The isolate PP17-33 showed high activities of both laccase and MnP in the primary screening with a fast growth rate on OPDC waste. Therefore, it was selected for optimization of enzyme production by statistical methods. Moreover, the species identification of PP17-33 based on ITS sequences revealed a close relationship with Pseudolagarobasidium belizense (GenBank accession number NR120036.1) with 96% identity. Then, the morphological characteristics of PP17-33 were carefully examined according to the description of Nakasone and Lindner (2012) (Fig. S1). In addition, the morphological characteristics of PP17-33 are completely different from those of P. belizense, including the colour and shape of fruiting bodies and the size of basidiospores. The fruiting body of PP17-33 is resupinate and is light cream-coloured with brown aculei, is colourless in KOH, and has small basidiospores of (2.7-)3-4(-4.5) × 2-3 mm (length × width). Notably, PP17-33 is considered an unidentified species, Pseudolagarobasidium sp. PP17-33 (GenBank accession number MK589289), and it may prove to be a new species. However, it is important to carefully examine the holotype material before the fungus is described as a new species. In addition, only one species of P. acaciicola AGST3 to date has been studied for laccase production and application for dye decolorization (Thakur and Gupte 2015). Later, Adak et al. (2016) reported that only laccase activity was detected in P. acaciicola LA1, and no activities of MnP and LiP were detected in this isolate. Until now, there has been no information from ligninolytic enzyme studies of other species of Pseudolagarobasidium. This study represents new information on ligninolytic enzyme production from the novel strain Pseudolagarobasidium sp. PP17-33.
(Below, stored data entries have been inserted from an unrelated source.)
lemma sum_cos_triple_product:
  assumes "N > 0" "p + r + j < N"
  shows "(\<Sum>n<N. cos (real p * root_angle N n) * cos (real r * root_angle N n)
            * cos (real j * root_angle N n)) = real N / 4 * triple_weight j p r"
proof -
  define s1 s2 s3 s4 where "s1 = int p + int r + int j" and "s2 = int p + int r - int j"
    and "s3 = int p - int r + int j" and "s4 = int p - int r - int j"
  let ?c = "\<lambda>s n. cos (real_of_int s * root_angle N n)"
  have "cos (real p * root_angle N n) * cos (real r * root_angle N n) * cos (real j * root_angle N n)
      = (?c s1 n + ?c s2 n + ?c s3 n + ?c s4 n) / 4" for n
    unfolding cos_mult_cos_mult_cos s1_def s2_def s3_def s4_def by (simp add: algebra_simps)
  then have "(\<Sum>n<N. cos (real p * root_angle N n) * cos (real r * root_angle N n)
            * cos (real j * root_angle N n)) = (\<Sum>n<N. (?c s1 n + ?c s2 n + ?c s3 n + ?c s4 n) / 4)"
    by (simp only:)
  also have "\<dots> = ((\<Sum>n<N. ?c s1 n) + (\<Sum>n<N. ?c s2 n) + (\<Sum>n<N. ?c s3 n) + (\<Sum>n<N. ?c s4 n)) / 4"
    by (simp add: sum.distrib flip: sum_divide_distrib)
  also have "\<dots> = ((if s1 = 0 then real N else 0) + (if s2 = 0 then real N else 0)
     + (if s3 = 0 then real N else 0) + (if s4 = 0 then real N else 0)) / 4"
  proof -
    have "\<bar>s\<bar> < int N" if "s \<in> {s1, s2, s3, s4}" for s
      using that assms(2) unfolding s1_def s2_def s3_def s4_def by auto
    then show ?thesis using assms(1) by (simp add: sum_cos_root_angle)
  qed
  also have "\<dots> = real N / 4 * triple_weight j p r"
    unfolding triple_weight_def s1_def s2_def s3_def s4_def by (auto simp: field_simps)
  finally show ?thesis .
qed

lemma cos_root_angle_reflect:
  assumes "N > 0" "n \<le> N"
  shows "cos (real p * root_angle N (N - n)) = cos (real p * root_angle N n)"
proof -
  have "real p * root_angle N (N - n) = 2 * pi * real p - real p * root_angle N n"
    using assms by (simp add: root_angle_def of_nat_diff field_simps)
  then show ?thesis by (simp add: cos_diff cos_integer_2pi sin_integer_2pi)
qed
lemma component_in_edge:
  assumes "is_component E s t C" "v \<in> C"
  shows "\<exists>e\<in>sub_edges E s t C. t e = v"
proof -
  let ?R = "edge_rel E s t"
  obtain c where C: "C = component_of E s t c" using assms(1) unfolding is_component_iff by auto
  have "(v, v) \<in> ?R\<^sup>+" using assms(2) unfolding C component_of_def recurrent_def by simp
  from tranclD2[OF this] obtain d where vd: "(v, d) \<in> ?R\<^sup>*" and dv: "(d, v) \<in> ?R" by blast
  have "d \<in> C" using component_of_between[OF assms(2)[unfolded C] vd r_into_rtrancl[OF dv]] C by simp
  obtain e where "e \<in> E" "d = s e" "v = t e" using dv by (rule edge_relE)
  with assms(2) \<open>d \<in> C\<close> have "e \<in> sub_edges E s t C" unfolding sub_edges_def by simp
  then show ?thesis using \<open>v = t e\<close> by auto
qed

text \<open>Take u reachable from w with the fewest reachable vertices: whatever is reachable from u has
  a reachable set contained in that of u, hence equal to it, so it reaches u.\<close>
lemma reaches_bottom_vertex:
  assumes "fin_digraph V E s t"
  obtains u where "(w, u) \<in> (edge_rel E s t)\<^sup>*"
    and "\<And>x. (u, x) \<in> (edge_rel E s t)\<^sup>* \<Longrightarrow> (x, u) \<in> (edge_rel E s t)\<^sup>*"
proof -
  let ?R = "edge_rel E s t"
  have "?R\<^sup>* `` {v} \<subseteq> insert v V" for v
  proof
    fix x assume "x \<in> ?R\<^sup>* `` {v}"
    then have "(v, x) \<in> ?R\<^sup>*" by simp
    then show "x \<in> insert v V"
    proof (cases rule: rtranclE)
      case (step y)
      then obtain e where "e \<in> E" "x = t e" by (elim edge_relE) simp
      then show ?thesis using assms unfolding fin_digraph_def by simp
    qed simp
  qed
  then have finite_reach: "finite (?R\<^sup>* `` {v})" for v
    using assms unfolding fin_digraph_def by (meson finite_insert finite_subset)
  have "\<exists>u. (w, u) \<in> ?R\<^sup>* \<and> (\<forall>x. (w, x) \<in> ?R\<^sup>* \<longrightarrow> card (?R\<^sup>* `` {u}) \<le> card (?R\<^sup>* `` {x}))"
    by (rule ex_has_least_nat[where k = w]) simp
  then obtain u where wu: "(w, u) \<in> ?R\<^sup>*"
    and least: "\<And>x. (w, x) \<in> ?R\<^sup>* \<Longrightarrow> card (?R\<^sup>* `` {u}) \<le> card (?R\<^sup>* `` {x})"
    by blast
  have bottom: "(x, u) \<in> ?R\<^sup>*" if ux: "(u, x) \<in> ?R\<^sup>*" for x
  proof -
    have sub: "?R\<^sup>* `` {x} \<subseteq> ?R\<^sup>* `` {u}"
      using rtrancl_trans[OF ux] by blast
    have "card (?R\<^sup>* `` {u}) \<le> card (?R\<^sup>* `` {x})"
      using least rtrancl_trans[OF wu ux] .
    with card_mono[OF finite_reach sub] have "card (?R\<^sup>* `` {x}) = card (?R\<^sup>* `` {u})"
      by linarith
    then have "?R\<^sup>* `` {x} = ?R\<^sup>* `` {u}" by (rule card_subset_eq[OF finite_reach sub])
    then have "u \<in> ?R\<^sup>* `` {x}" by simp
    then show ?thesis by simp
  qed
  show thesis using wu bottom by (rule that)
qed

lemma bottom_vertex_recurrent:
  assumes "no_sinks_sources V E s t" "u \<in> V"
    and bottom: "\<And>x. (u, x) \<in> (edge_rel E s t)\<^sup>* \<Longrightarrow> (x, u) \<in> (edge_rel E s t)\<^sup>*"
  shows "recurrent E s t u"
proof -
  obtain e where e: "e \<in> E" "s e = u" using assms(1,2) unfolding no_sinks_sources_def by auto
  then have ut: "(u, t e) \<in> edge_rel E s t" using edge_relI[of e E s t] by simp
  have "(t e, u) \<in> (edge_rel E s t)\<^sup>*" by (rule bottom) (rule r_into_rtrancl[OF ut])
  then show ?thesis unfolding recurrent_def by (rule rtrancl_into_trancl2[OF ut])
qed
(* Let $p$ be a prime and let $G$ be a $1$-tuple regular finite group of exponent $p^s$ for some $s\in\mathbb{N}$. For all nontrivial $a,b\in G$ we have $\operatorname{ord}([a,b])<\min\{\operatorname{ord}(a),\operatorname{ord}(b)\}$. In particular, if $p$ is odd, then $G$ is a powerful $p$-group.
   Context: $[a,b]=aba^{-1}b^{-1}$. A finite $p$-group $G$ is powerful if $p$ is odd and $G'\subseteq\mho^1(G)$, or $p=2$ and $G'\subseteq\mho^2(G)$, where $\mho^i(G)$ is generated by the $p^i$-th powers. A finite group $G$ is $1$-tuple regular if for all $g_1,h_1\in G$ of the same order there is a bijection $\Psi\colon G\to G$ such that for every $g\in G$ the assignment $g_1\mapsto h_1, g\mapsto\Psi(g)$ defines an isomorphism $\langle g_1,g\rangle\to\langle h_1,\Psi(g)\rangle$. *)

theory Defs
  imports "HOL-Algebra.Algebra"
begin

definition commutator :: "('a, 'b) monoid_scheme \<Rightarrow> 'a \<Rightarrow> 'a \<Rightarrow> 'a" where
  "commutator G a b = a \<otimes>\<^bsub>G\<^esub> b \<otimes>\<^bsub>G\<^esub> inv\<^bsub>G\<^esub> a \<otimes>\<^bsub>G\<^esub> inv\<^bsub>G\<^esub> b"

definition group_exponent :: "('a, 'b) monoid_scheme \<Rightarrow> nat" where
  "group_exponent G = (LEAST n. 0 < n \<and> (\<forall>x \<in> carrier G. x [^]\<^bsub>G\<^esub> n = \<one>\<^bsub>G\<^esub>))"

definition agemo :: "('a, 'b) monoid_scheme \<Rightarrow> nat \<Rightarrow> nat \<Rightarrow> 'a set" where
  "agemo G p i = generate G {x [^]\<^bsub>G\<^esub> (p ^ i) | x. x \<in> carrier G}"

definition powerful_p_group :: "('a, 'b) monoid_scheme \<Rightarrow> nat \<Rightarrow> bool" where
  "powerful_p_group G p \<longleftrightarrow>
     finite (carrier G) \<and> (\<exists>k. order G = p ^ k) \<and>
     (if odd p then derived G (carrier G) \<subseteq> agemo G p 1
      else p = 2 \<and> derived G (carrier G) \<subseteq> agemo G p 2)"

definition one_tuple_regular :: "('a, 'b) monoid_scheme \<Rightarrow> bool" where
  "one_tuple_regular G \<longleftrightarrow>
     (\<forall>g1 \<in> carrier G. \<forall>h1 \<in> carrier G. group.ord G g1 = group.ord G h1 \<longrightarrow>
        (\<exists>\<Psi>. bij_betw \<Psi> (carrier G) (carrier G) \<and>
           (\<forall>g \<in> carrier G. \<exists>\<phi>.
               \<phi> \<in> iso (subgroup_generated G {g1, g}) (subgroup_generated G {h1, \<Psi> g}) \<and>
               \<phi> g1 = h1 \<and> \<phi> g = \<Psi> g)))"

end

theory Submission
  imports Defs
begin

text \<open>
  A finite group of exponent \<open>p^s\<close> is a \<open>p\<close>-group by Cauchy's theorem, hence nilpotent: its
  upper central series reaches \<open>G\<close>. The first claim is proved by induction along this series.
  If \<open>x \<in> Z\<^sub>i\<^sub>+\<^sub>1\<close> but \<open>ord [x,b] \<ge> ord x\<close>, then \<open>[x,b] \<in> Z\<^sub>i\<close> has a power \<open>c\<close> of the same
  order as \<open>x\<close>. Regularity maps \<open>\<langle>x,b\<rangle>\<close> isomorphically onto some \<open>\<langle>c,h\<rangle>\<close> with \<open>x \<mapsto> c\<close>, so
  \<open>ord [c,h] = ord [x,b] \<ge> ord c\<close>, contradicting the induction hypothesis.

  For the second claim, take \<open>y = [a,b]\<close> with \<open>a \<noteq> 1\<close>. Since \<open>ord y < ord a\<close>, \<open>y\<close> has the
  same order as a \<open>p\<close>-th power \<open>w^p\<close> of a power \<open>w\<close> of \<open>a\<close>. Regularity maps \<open>\<langle>w^p,w\<rangle>\<close> onto
  some \<open>\<langle>y,z\<rangle>\<close> with \<open>w^p \<mapsto> y\<close>, so \<open>y = z^p\<close>. Hence \<open>G' \<subseteq> \<mho>\<^sub>1(G)\<close>.
\<close>

section \<open>Commutators\<close>

lemma (in group) commutator_closed [simp]:
  "x \<in> carrier G \<Longrightarrow> y \<in> carrier G \<Longrightarrow> commutator G x y \<in> carrier G"
  by (simp add: commutator_def)

lemma (in group) inv_commutator:
  "x \<in> carrier G \<Longrightarrow> y \<in> carrier G \<Longrightarrow> inv (commutator G x y) = commutator G y x"
  by (simp add: commutator_def inv_mult_group m_assoc)

lemma (in group) commutator_eq_one_iff:
  "x \<in> carrier G \<Longrightarrow> y \<in> carrier G \<Longrightarrow> commutator G x y = \<one> \<longleftrightarrow> x \<otimes> y = y \<otimes> x"
  unfolding commutator_def
  by (metis inv_closed inv_mult_group m_closed inv_equality r_inv m_assoc r_one)

lemma (in group) inv_mult_cancel_left:
  "x \<in> carrier G \<Longrightarrow> z \<in> carrier G \<Longrightarrow> inv x \<otimes> (x \<otimes> z) = z"
  by (simp flip: m_assoc)

lemma (in group) mult_inv_cancel_left:
  "x \<in> carrier G \<Longrightarrow> z \<in> carrier G \<Longrightarrow> x \<otimes> (inv x \<otimes> z) = z"
  by (simp flip: m_assoc)

lemma (in group) commutator_mult_left:
  assumes "x \<in> carrier G" "y \<in> carrier G" "g \<in> carrier G"
  shows "commutator G (x \<otimes> y) g = x \<otimes> commutator G y g \<otimes> inv x \<otimes> commutator G x g"
  using assms by (simp add: commutator_def m_assoc inv_mult_group inv_mult_cancel_left mult_inv_cancel_left)

lemma (in group) commutator_inv_left:
  assumes "x \<in> carrier G" "g \<in> carrier G"
  shows "commutator G (inv x) g = inv x \<otimes> inv (commutator G x g) \<otimes> x"
  using assms by (simp add: commutator_def m_assoc inv_mult_group inv_mult_cancel_left mult_inv_cancel_left)

lemma (in group) commutator_conj_left:
  assumes "x \<in> carrier G" "g \<in> carrier G" "h \<in> carrier G"
  shows "commutator G (h \<otimes> x \<otimes> inv h) g = h \<otimes> commutator G x (inv h \<otimes> g \<otimes> h) \<otimes> inv h"
  using assms by (simp add: commutator_def m_assoc inv_mult_group inv_mult_cancel_left mult_inv_cancel_left)

lemma (in group_hom) hom_commutator:
  "x \<in> carrier G \<Longrightarrow> y \<in> carrier G \<Longrightarrow> h (commutator G x y) = commutator H (h x) (h y)"
  by (simp add: commutator_def)

lemma (in group) commutator_subgroup_generated:
  "x \<in> carrier (subgroup_generated G S) \<Longrightarrow> y \<in> carrier (subgroup_generated G S) \<Longrightarrow>
   commutator (subgroup_generated G S) x y = commutator G x y"
  by (simp add: commutator_def)

lemma ord_iso:
  assumes "group G" "group H" "f \<in> iso G H" "x \<in> carrier G"
  shows "group.ord H (f x) = group.ord G x"
proof -
  interpret group_hom G H f
    using assms by (simp add: group_hom_def group_hom_axioms_def iso_def)
  have "f x [^]\<^bsub>H\<^esub> n = \<one>\<^bsub>H\<^esub> \<longleftrightarrow> x [^]\<^bsub>G\<^esub> n = \<one>\<^bsub>G\<^esub>" for n :: nat
    using assms(3,4) iso_iff by (auto simp flip: hom_nat_pow)
  then have "f x [^]\<^bsub>H\<^esub> n = \<one>\<^bsub>H\<^esub> \<longleftrightarrow> G.ord x dvd n" for n :: nat
    using assms(4) by (simp add: G.pow_eq_id)
  then show ?thesis
    using assms(4) by (simp add: H.ord_unique)
qed

lemma (in group) ord_subgroup_generated:
  "group.ord (subgroup_generated G S) x = ord x"
  by (simp add: group.ord_def pow_subgroup_generated)

lemma (in group) ord_iso_subgroup_generated:
  assumes "\<phi> \<in> iso (subgroup_generated G S) (subgroup_generated G T)"
    and "x \<in> carrier (subgroup_generated G S)"
  shows "ord (\<phi> x) = ord x"
  using ord_iso[OF group_subgroup_generated group_subgroup_generated assms]
  by (simp add: ord_subgroup_generated)

lemma (in group) hom_subgroup_generated_commutator:
  assumes "\<phi> \<in> hom (subgroup_generated G S) (subgroup_generated G T)"
    and "x \<in> carrier (subgroup_generated G S)" "y \<in> carrier (subgroup_generated G S)"
  shows "\<phi> (commutator G x y) = commutator G (\<phi> x) (\<phi> y)"
proof -
  interpret group_hom "subgroup_generated G S" "subgroup_generated G T" \<phi>
    using assms(1) by (simp add: group_hom_def group_hom_axioms_def)
  show ?thesis
    using assms(2,3) hom_commutator
    by (simp add: commutator_subgroup_generated group.commutator_subgroup_generated)
qed

lemma (in group) hom_subgroup_generated_nat_pow:
  assumes "\<phi> \<in> hom (subgroup_generated G S) (subgroup_generated G T)"
    and "x \<in> carrier (subgroup_generated G S)"
  shows "\<phi> (x [^] (n::nat)) = \<phi> x [^] n"
  using hom_nat_pow[OF assms group_subgroup_generated group_subgroup_generated]
  by (simp add: pow_subgroup_generated)

section \<open>Finite \<open>p\<close>-groups\<close>

lemma (in group) finite_carrier_if_order_eq_prime_power:
  "Factorial_Ring.prime (p::nat) \<Longrightarrow> order G = p ^ n \<Longrightarrow> finite (carrier G)"
  using order_gt_0_iff_finite by (simp add: prime_gt_0_nat)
Screening of important medium components for laccase and manganese production according to PBD

The substrate used in this study was OPDC, which contained 30.62% lignin, 14.71% hemicellulose and 22.39% cellulose. The maximum laccase and MnP activities of Pseudolagarobasidium sp. PP17-33 were preliminarily screened, and the highest activities were detected on the 7th day of a 12-day cultivation period (unpublished reports). The results of laccase and MnP production demonstrated that yeast extract was a suitable nitrogen source for both enzymes produced by Pseudolagarobasidium sp. PP17-33 (Fig. S2). This result is in agreement with several studies indicating that yeast extract is a suitable nitrogen source for laccase production of Agaricus bisporus, Schizophyllum commune and Ganoderma sp. (Adejoye and Fasidi 2010; Othman et al. 2018) and for MnP production by G. lucidum and T. versicolor (Asgher and Iqbal 2011; Xu et al. 2017). However, other nitrogen sources, such as peptone and ammonium chloride, were found to be the optimum nitrogen source for laccase production by Aspergillus flavus (Kumar et al. 2016) and Pleurotus ostreatus (Stajic et al. 2006), respectively. The role of nitrogen source in the regulation of enzyme synthesis depends not only on the physiology of fungi but also on the medium composition, especially in the presence of lignocellulose substrate.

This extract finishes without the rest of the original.